The data:
lemma trans_Out_lift_at:
  assumes "(k, PSnd (DVal v) C, \<nu>) \<in> nodes K" "distinct (nlist K)" "\<not> has_bot K" "unheard K k"
  shows "trans K (Out k v (\<nu> - (nds K - {k}))) (lift_at K k C)"
  using assms
proof (induction K)
  case (Par A B)
  show ?case
  proof (cases "(k, PSnd (DVal v) C, \<nu>) \<in> nodes A")
    case True
    then have kB: "k \<notin> nds B"
      using Par.prems(2) by (intro nds_disjoint_if_distinct)
    have "trans A (Out k v (\<nu> - (nds A - {k}))) (lift_at A k C)"
      using Par True by (intro Par.IH(1)) auto
    from trans.BcastL[OF this trans_In_dirac[of k B]]
    have "trans (Par A B) (Out k v (\<nu> - (nds A - {k}) - nds B)) (lift_at (Par A B) k C)"
      using Par.prems kB by (simp add: lift_at_Par_left)
    moreover have "\<nu> - (nds A - {k}) - nds B = \<nu> - (nds (Par A B) - {k})"
      using kB by auto
    ultimately show ?thesis
      by simp
  next
    case False
    then have inB: "(k, PSnd (DVal v) C, \<nu>) \<in> nodes B"
      using Par.prems by simp
    then have kA: "k \<notin> nds A"
      using Par.prems(2) by (intro nds_disjoint_if_distinct)
    have "trans B (Out k v (\<nu> - (nds B - {k}))) (lift_at B k C)"
      using Par inB by (intro Par.IH(2)) auto
    from trans.BcastR[OF this trans_In_dirac[of k A]]
    have "trans (Par A B) (Out k v (\<nu> - (nds B - {k}) - nds A)) (lift_at (Par A B) k C)"
      using Par.prems kA by (simp add: lift_at_Par_right)
    moreover have "\<nu> - (nds B - {k}) - nds A = \<nu> - (nds (Par A B) - {k})"
      using kA by auto
    ultimately show ?thesis
      by simp
  qed
qed (auto simp: lift_at_Node intro: trans.Snd)

lemma override_in_nodes:
  "(k, P, \<mu>) \<in> nodes K \<Longrightarrow> (k, case F k of None \<Rightarrow> P | Some Q \<Rightarrow> Q, \<mu>) \<in> nodes (override K F)"
  by (force simp: nodes_override)

lemma unheard_override:
  assumes "unheard K k" "\<forall>k' Q. F k' = Some Q \<longrightarrow> k' = k \<or> top_prefix Q \<noteq> PrefRcv"
  shows "unheard (override K F) k"
  using assms by (fastforce simp: unheard_def nodes_override not_rcv split: option.splits)

lemma dist_hat_tau_dirac: "hat_tau M E \<Longrightarrow> dist_hat_tau (dirac M) E"
  unfolding dist_hat_tau_def
  by (rule exI[of _ "[(1, M, E)]"]) (auto simp: dirac_def fun_eq_iff)

lemma dist_hat_tau_choice:
  assumes "\<forall>(p, P) \<in> set C. 0 \<le> p \<and> hat_tau (f P) E" "(\<Sum>(p, P)\<leftarrow>C. p) = 1"
  shows "dist_hat_tau (\<lambda>N. \<Sum>(p, P)\<leftarrow>C. if N = f P then p else 0) E"
  unfolding dist_hat_tau_def
proof (intro exI conjI)
  let ?xs = "map (\<lambda>(p, P). (p, f P, E)) C"
  show "(\<lambda>N. \<Sum>(p, P)\<leftarrow>C. if N = f P then p else 0) = (\<lambda>N. \<Sum>(p, M, _)\<leftarrow>?xs. if M = N then p else 0)"
    by (induction C) (auto simp: fun_eq_iff)
  show "\<forall>(p, M, F) \<in> set ?xs. 0 \<le> p \<and> hat_tau M F"
    using assms(1) by auto
  have "(\<Sum>(p, P)\<leftarrow>C. p * E N) = (\<Sum>(p, P)\<leftarrow>C. p) * E N" for N
    by (induction C) (auto simp: algebra_simps)
  then show "E = (\<lambda>N. \<Sum>(p, _, F)\<leftarrow>?xs. p * F N)"
    using assms(2) by (simp add: comp_def split_def)
qed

What you should do: Retype the portion of the data above that starts on the line with "using Par.prems by simp" and finishes on the line with "using Par inB by (intro Par.IH(2)) auto", including both of those lines.

Written answer:
      using Par.prems by simp
    then have kA: "k \<notin> nds A"
      using Par.prems(2) by (intro nds_disjoint_if_distinct)
    have "trans B (Out k v (\<nu> - (nds B - {k}))) (lift_at B k C)"
      using Par inB by (intro Par.IH(2)) auto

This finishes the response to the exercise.